Obama told the Environmental Protection Agency on Sept. 2 that tighter standards on ozone, which causes smog, would impose unnecessary regulatory expenses on a weak U.S. economy. The ozone rule, which the White House estimated would cost $19 billion to $90 billion, was the most expensive under consideration by the administration.

The Business Roundtable, the National Association of Manufacturers and the U.S. Chamber of Commerce, the largest U.S. industry lobbying group, praised Obama’s action on ozone. Representatives of the groups met in August with White House Chief of Staff William Daley to complain about the costs.

Up next on the EPA’s agenda are rules designed to cut emissions from coal-fired power plants, cement factories and industrial boilers used by many industries, including paper manufacturing and hospitals.

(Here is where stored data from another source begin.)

lemma exists_determining_subset:
  assumes "finite S" "subspace W" "W \<subseteq> supported_on S"
  shows "\<exists>T\<subseteq>S. card T \<le> dim W \<and> determining T W"
  using assms
proof (induction S arbitrary: W rule: finite_induct)
  case empty
  then show ?case
    by (auto simp: determining_def supported_on_def fun_eq_iff)
next
  case (insert s S)
  define W' where "W' = {w\<in>W. w s = 0}"
  have "subspace W'"
    using insert.prems(1) by (auto simp: W'_def subspace_def)
  moreover have "W' \<subseteq> supported_on S"
    using insert.prems(2) by (auto simp: W'_def supported_on_def)
  ultimately obtain T where T: "T \<subseteq> S" "card T \<le> dim W'" "determining T W'"
    using insert.IH by blast
  show ?case
  proof (cases "W' = W")
    case True
    then show ?thesis
      using T by blast
  next
    case False
    then have "dim W' < dim W"
      using insert.hyps(1) insert.prems(2) \<open>subspace W'\<close>
      by (intro dim_strict_mono_supported_on[of "insert s S"]) (auto simp: W'_def)
    moreover have "card (insert s T) \<le> Suc (card T)"
      by (simp add: card_insert_le_m1)
    moreover have "determining (insert s T) W"
      using T(3) by (auto simp: determining_def W'_def)
    ultimately show ?thesis
      using T(1,2) by (intro exI[of _ "insert s T"]) auto
  qed
qed

definition sup_sphere :: "'a set \<Rightarrow> ('a \<Rightarrow> real) set" where
  "sup_sphere S = {u\<in>supported_on S. (\<forall>x. \<bar>u x\<bar> \<le> 1) \<and> (\<exists>x\<in>S. \<bar>u x\<bar> = 1)}"

lemma compact_sup_sphere:
  assumes "finite S"
  shows "compact (sup_sphere S)"
proof -
  define I where "I x = (if x \<in> S then {-1..1} else {0 :: real})" for x
  have "u x \<in> I x \<longleftrightarrow> (x \<notin> S \<longrightarrow> u x = 0) \<and> \<bar>u x\<bar> \<le> 1" for u :: "'a \<Rightarrow> real" and x
    by (auto simp: I_def abs_le_iff)
  then have "sup_sphere S = Pi\<^sub>E UNIV I \<inter> (\<Union>x\<in>S. {u. \<bar>u x\<bar> = 1})"
    by (auto simp: sup_sphere_def supported_on_def PiE_UNIV_domain Pi_iff all_conj_distrib)
  moreover have "compact (Pi\<^sub>E UNIV I)"
  proof -
    have "compactin (product_topology (\<lambda>_. euclidean) UNIV) (Pi\<^sub>E UNIV I)"
      by (subst compactin_PiE) (auto simp: I_def)
    then show ?thesis
      by (simp add: euclidean_product_topology)
  qed
  moreover have "closed (\<Union>x\<in>S. {u :: 'a \<Rightarrow> real. \<bar>u x\<bar> = 1})"
    using assms
    by (intro closed_UN ballI closed_Collect_eq continuous_intros continuous_on_product_coordinates)
  ultimately show ?thesis
    by (simp add: compact_Int_closed)
qed

lemma scaleR_in_sup_sphere:
  assumes "finite S" "v \<in> supported_on S" "v \<noteq> 0"
  obtains c where "c *\<^sub>R v \<in> sup_sphere S"
proof -
  obtain x0 where "v x0 \<noteq> 0"
    using assms(3) by (auto simp: fun_eq_iff)
  then have "x0 \<in> S"
    using assms(2) by (auto simp: supported_on_def)
  define M where "M = Max ((\<lambda>x. \<bar>v x\<bar>) ` S)"
  have le_M: "\<bar>v x\<bar> \<le> M" if "x \<in> S" for x
    using assms(1) that by (auto simp: M_def)
  have "M \<in> (\<lambda>x. \<bar>v x\<bar>) ` S"
    unfolding M_def using assms(1) \<open>x0 \<in> S\<close> by (intro Max_in) auto
  then obtain x1 where x1: "x1 \<in> S" "\<bar>v x1\<bar> = M"
    by blast
  have "M > 0"
    using le_M[OF \<open>x0 \<in> S\<close>] \<open>v x0 \<noteq> 0\<close> by linarith
  have "\<bar>v x\<bar> \<le> M" for x
    using le_M assms(2) \<open>M > 0\<close> by (cases "x \<in> S") (auto simp: supported_on_def)
  then have "(1 / M) *\<^sub>R v \<in> sup_sphere S"
    using assms(2) x1 \<open>M > 0\<close>
    by (auto simp: sup_sphere_def supported_on_def abs_mult intro!: bexI[of _ x1])
  then show ?thesis
    by (rule that)
qed

section \<open>The operator \<open>\<rho>\<close>\<close>

lemma exists_in_sup_sphere_vanishing_on:
  assumes "finite S" "subspace V" "V \<subseteq> supported_on S" "finite T" "card T < dim V"
  obtains u where "u \<in> V" "u \<in> sup_sphere S" "u \<in> supported_on (- T)"
proof -
  have "\<not> determining T V"
    using dim_le_card_if_determining[OF assms(2,4)] assms(5) by fastforce
  then obtain v where v: "v \<in> V" "v \<in> supported_on (- T)" "v \<noteq> 0"
    by (auto simp: determining_def supported_on_def)
  then obtain c where "c *\<^sub>R v \<in> sup_sphere S"
    using scaleR_in_sup_sphere[OF assms(1)] assms(3) by blast
  moreover have "c *\<^sub>R v \<in> V" "c *\<^sub>R v \<in> supported_on (- T)"
    using v(1,2) assms(2) subspace_supported_on[of "- T"] by (simp_all add: subspace_scale)
  ultimately show ?thesis
    using that by blast
qed

lemma finite_mis: "finite (mis k :: ('n::finite) mi set)"
proof -
  have "mis k \<subseteq> (Pi\<^sub>E UNIV (\<lambda>_. {..k}) :: 'n mi set)"
  proof
    fix \<alpha> :: "'n mi"
    assume "\<alpha> \<in> mis k"
    moreover have "\<alpha> i \<le> mdeg \<alpha>" for i
      unfolding mdeg_def by (rule member_le_sum) auto
    ultimately show "\<alpha> \<in> Pi\<^sub>E UNIV (\<lambda>_. {..k})"
      by (auto simp: mis_def PiE_UNIV_domain intro: le_trans)
  qed
  then show ?thesis
    by (rule finite_subset) (simp add: finite_PiE)
qed

lemma dualk_eq_supported_on: "dualk k = supported_on (mis k)"
  by (auto simp: dualk_def supported_on_def mis_def)

lemma is_bundle_iff_subspace:
  "is_bundle X W E \<longleftrightarrow> E \<subseteq> X \<times> W \<and> (\<forall>a\<in>X. subspace (fibre E a))"
  by (simp add: is_bundle_def subspace_def zero_fun_def plus_fun_def scaleR_fun_def) blast

lemma fspan_eq_span: "fspan S = span S"
proof
  show "fspan S \<subseteq> span S"
  proof
    fix x
    assume "x \<in> fspan S"
    then obtain m c v where x: "x = (\<lambda>\<beta>. \<Sum>j<(m::nat). c j * v j \<beta>)" and v: "\<forall>j<m. v j \<in> S"
      unfolding fspan_def by blast
    have "x = (\<Sum>j<m. c j *\<^sub>R v j)"
      unfolding x by (simp add: fun_eq_iff sum_fun_apply)
    also have "\<dots> \<in> span S"
      using v by (intro span_sum span_scale span_base) auto
    finally show "x \<in> span S" .
  qed
next
  show "span S \<subseteq> fspan S"
  proof
    fix x
    assume "x \<in> span S"
    then obtain t r where x: "x = (\<Sum>a\<in>t. r a *\<^sub>R a)" and t: "finite t" "t \<subseteq> S"
      unfolding span_explicit by blast
    obtain h where h: "bij_betw h {..<card t} t"
      using t(1) by (metis atLeast0LessThan ex_bij_betw_nat_finite)
    have "x = (\<Sum>j<card t. r (h j) *\<^sub>R h j)"
      unfolding x by (rule sum.reindex_bij_betw[symmetric, OF h])
    then have "x = (\<lambda>\<beta>. \<Sum>j<card t. r (h j) * h j \<beta>)"
      by (simp add: fun_eq_iff sum_fun_apply)
    moreover have "\<forall>j<card t. h j \<in> S"
      using h t(2) by (auto simp: bij_betw_def)
    ultimately show "x \<in> fspan S"
      unfolding fspan_def by (intro CollectI exI[of _ "card t"] exI[of _ "r \<circ> h"] exI[of _ h]) simp
  qed
qed

lemma fibre_rho: "fibre (rho k X E) a = (if a \<in> X then span (fibre (Eprime k X E) a) else {})"
  by (auto simp: fibre_def rho_def fspan_eq_span)

lemma fibre_Eprime_subset_dualk: "fibre (Eprime k X E) a \<subseteq> dualk k"
  by (auto simp: fibre_def Eprime_def)

lemma is_bundle_rho: "is_bundle X (dualk k) (rho k X E)"
proof -
  have "span (fibre (Eprime k X E) a) \<subseteq> dualk k" for a
    using fibre_Eprime_subset_dualk subspace_supported_on
    unfolding dualk_eq_supported_on by (rule span_minimal)
  then have "rho k X E \<subseteq> X \<times> dualk k"
    by (force simp: rho_def fspan_eq_span fibre_def)
  then show ?thesis
    by (simp add: is_bundle_iff_subspace fibre_rho)
qed

lemma is_bundle_E0: "is_bundle X (dualk k) (E0 k X)"
proof -
  have "fibre (E0 k X) a = span {delta k a}" if "a \<in> X" for a
    using that by (auto simp: fibre_def E0_def span_singleton fun_eq_iff)
  moreover have "E0 k X \<subseteq> X \<times> dualk k"
    by (auto simp: E0_def dualk_def delta_def)
  ultimately show ?thesis
    by (simp add: is_bundle_iff_subspace)
qed

lemma diag_in_DeltaE:
  assumes "is_bundle X W E" "c \<in> X" "\<xi> \<in> fibre E c"
  shows "(c, c, \<xi>) \<in> DeltaE k X E"
proof -
  have "0 \<in> fibre E c"
    using assms(1,2) by (simp add: is_bundle_iff_subspace subspace_0)
  then have "(c, c, (\<lambda>\<beta>. \<xi> \<beta> + 0 \<beta>)) \<in> DeltaE k X E"
    unfolding DeltaE_def using assms(2,3) by (fastforce simp: xi_at_def app_def)
  then show ?thesis
    by simp
qed

lemma subset_Eprime:
  assumes "is_bundle X (dualk k) E"
  shows "E \<subseteq> Eprime k X E"
proof
  fix p
  assume "p \<in> E"
  moreover obtain a \<xi> where p: "p = (a, \<xi>)"
    by fastforce
  ultimately have "a \<in> X" "\<xi> \<in> dualk k" "\<xi> \<in> fibre E a"
    using assms by (auto simp: is_bundle_def fibre_def)
  then show "p \<in> Eprime k X E"
    using diag_in_DeltaE[OF assms] closure_subset by (fastforce simp: Eprime_def p)
qed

“As the president has made clear, the administration will continue to take steps to defend the authority of the Clean Air Act and the important progress we have made to protect the air we breathe,” Clark Stevens, a White House spokesman, said in an e-mail.

Delaying Measures

The Republican leadership in the House of Representatives has promised to delay or derail implementation of six air- pollution standards.

A subcommittee of the House Energy and Commerce Committee approved legislation this week that would postpone the cement- plant and boiler regulations. The entire committee is scheduled to vote on it next week and will also hold a hearing on regulatory processes with EPA Administrator Lisa Jackson.

The full House is scheduled to vote next week on a measure that would subject all EPA rules to an independent economic assessment.

Waxman said that none of those measures would become law because the Senate is unlikely to take them up, “and if they get to the president, I expect him to veto them,” he said.

The EPA didn’t respond to e-mails requesting comment.